Records from a collection:
lemma lattice_free_interior_nonempty:
  fixes B :: "(real ^ 'n) set"
  assumes "lattice_free B"
  shows "interior B \<noteq> {}"
proof -
  have "convex B" and full: "aff_dim B = int CARD('n)"
    using assms by (auto simp: lattice_free_def)
  then have "rel_interior B \<noteq> {}"
    by (auto simp: rel_interior_eq_empty)
  moreover have "affine hull B = UNIV"
    using full aff_dim_eq_full[of B] by simp
  ultimately show ?thesis by (simp add: rel_interior_interior)
qed

lemma lattice_free_polyhedron_normals:
  fixes a :: "'i \<Rightarrow> real ^ 'n"
  assumes "finite I" and "\<forall>i\<in>I. a i \<noteq> 0" and lf: "lattice_free {x. \<forall>i\<in>I. a i \<bullet> x \<le> b i}"
  obtains x where "\<forall>i\<in>I. a i \<bullet> x < b i" and "0 \<in> convex hull (a ` I)"
proof -
  let ?M = "{x. \<forall>i\<in>I. a i \<bullet> x \<le> b i}"
  obtain x where x: "x \<in> interior ?M"
    using lattice_free_interior_nonempty[OF lf] by blast
  have strict: "\<forall>i\<in>I. a i \<bullet> x < b i"
    using interior_polyhedron_strict[OF x] assms(2) by blast
  have "0 \<in> convex hull (a ` I)"
  proof (rule ccontr)
    assume "0 \<notin> convex hull (a ` I)"
    then obtain p where "p \<in> int_lattice" "\<forall>i\<in>I. a i \<bullet> p < b i"
      using lattice_point_strictly_feasible[of I a x b] \<open>finite I\<close> strict by (auto simp: less_imp_le)
    then have "p \<in> interior ?M \<inter> int_lattice"
      using strictly_feasible_in_interior \<open>finite I\<close> by blast
    with lf show False by (simp add: lattice_free_def)
  qed
  with strict show thesis by (rule that)
qed

lemma convex_hull_finite_image:
  assumes "finite I"
  shows "convex hull (a ` I) = {\<Sum>i\<in>I. c i *\<^sub>R a i | c. (\<forall>i\<in>I. 0 \<le> c i) \<and> sum c I = 1}"
proof -
  have "a ` I = (\<Union>i\<in>I. {a i})" by blast
  then have "convex hull (a ` I) = convex hull (\<Union>i\<in>I. {a i})" by simp
  also have "\<dots> = {\<Sum>i\<in>I. c i *\<^sub>R s i | c s. (\<forall>i\<in>I. 0 \<le> c i) \<and> sum c I = 1 \<and> (\<forall>i\<in>I. s i \<in> {a i})}"
    using assms by (intro convex_hull_finite_union) auto
  also have "\<dots> = {\<Sum>i\<in>I. c i *\<^sub>R a i | c. (\<forall>i\<in>I. 0 \<le> c i) \<and> sum c I = 1}"
  proof -
    have "(\<Sum>i\<in>I. c i *\<^sub>R s i) = (\<Sum>i\<in>I. c i *\<^sub>R a i)" if "\<forall>i\<in>I. s i \<in> {a i}" for c s
      using that by (intro sum.cong) auto
    then show ?thesis by fastforce
  qed
  finally show ?thesis .
qed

> **Problem statement**: Give back the records above exactly, limited to the lines between the one holding "using assms by (auto" and the one holding "interior ?M \<inter>", inclusive.

> **Reply**:
    using assms by (auto simp: lattice_free_def)
  then have "rel_interior B \<noteq> {}"
    by (auto simp: rel_interior_eq_empty)
  moreover have "affine hull B = UNIV"
    using full aff_dim_eq_full[of B] by simp
  ultimately show ?thesis by (simp add: rel_interior_interior)
qed

lemma lattice_free_polyhedron_normals:
  fixes a :: "'i \<Rightarrow> real ^ 'n"
  assumes "finite I" and "\<forall>i\<in>I. a i \<noteq> 0" and lf: "lattice_free {x. \<forall>i\<in>I. a i \<bullet> x \<le> b i}"
  obtains x where "\<forall>i\<in>I. a i \<bullet> x < b i" and "0 \<in> convex hull (a ` I)"
proof -
  let ?M = "{x. \<forall>i\<in>I. a i \<bullet> x \<le> b i}"
  obtain x where x: "x \<in> interior ?M"
    using lattice_free_interior_nonempty[OF lf] by blast
  have strict: "\<forall>i\<in>I. a i \<bullet> x < b i"
    using interior_polyhedron_strict[OF x] assms(2) by blast
  have "0 \<in> convex hull (a ` I)"
  proof (rule ccontr)
    assume "0 \<notin> convex hull (a ` I)"
    then obtain p where "p \<in> int_lattice" "\<forall>i\<in>I. a i \<bullet> p < b i"
      using lattice_point_strictly_feasible[of I a x b] \<open>finite I\<close> strict by (auto simp: less_imp_le)
    then have "p \<in> interior ?M \<inter> int_lattice"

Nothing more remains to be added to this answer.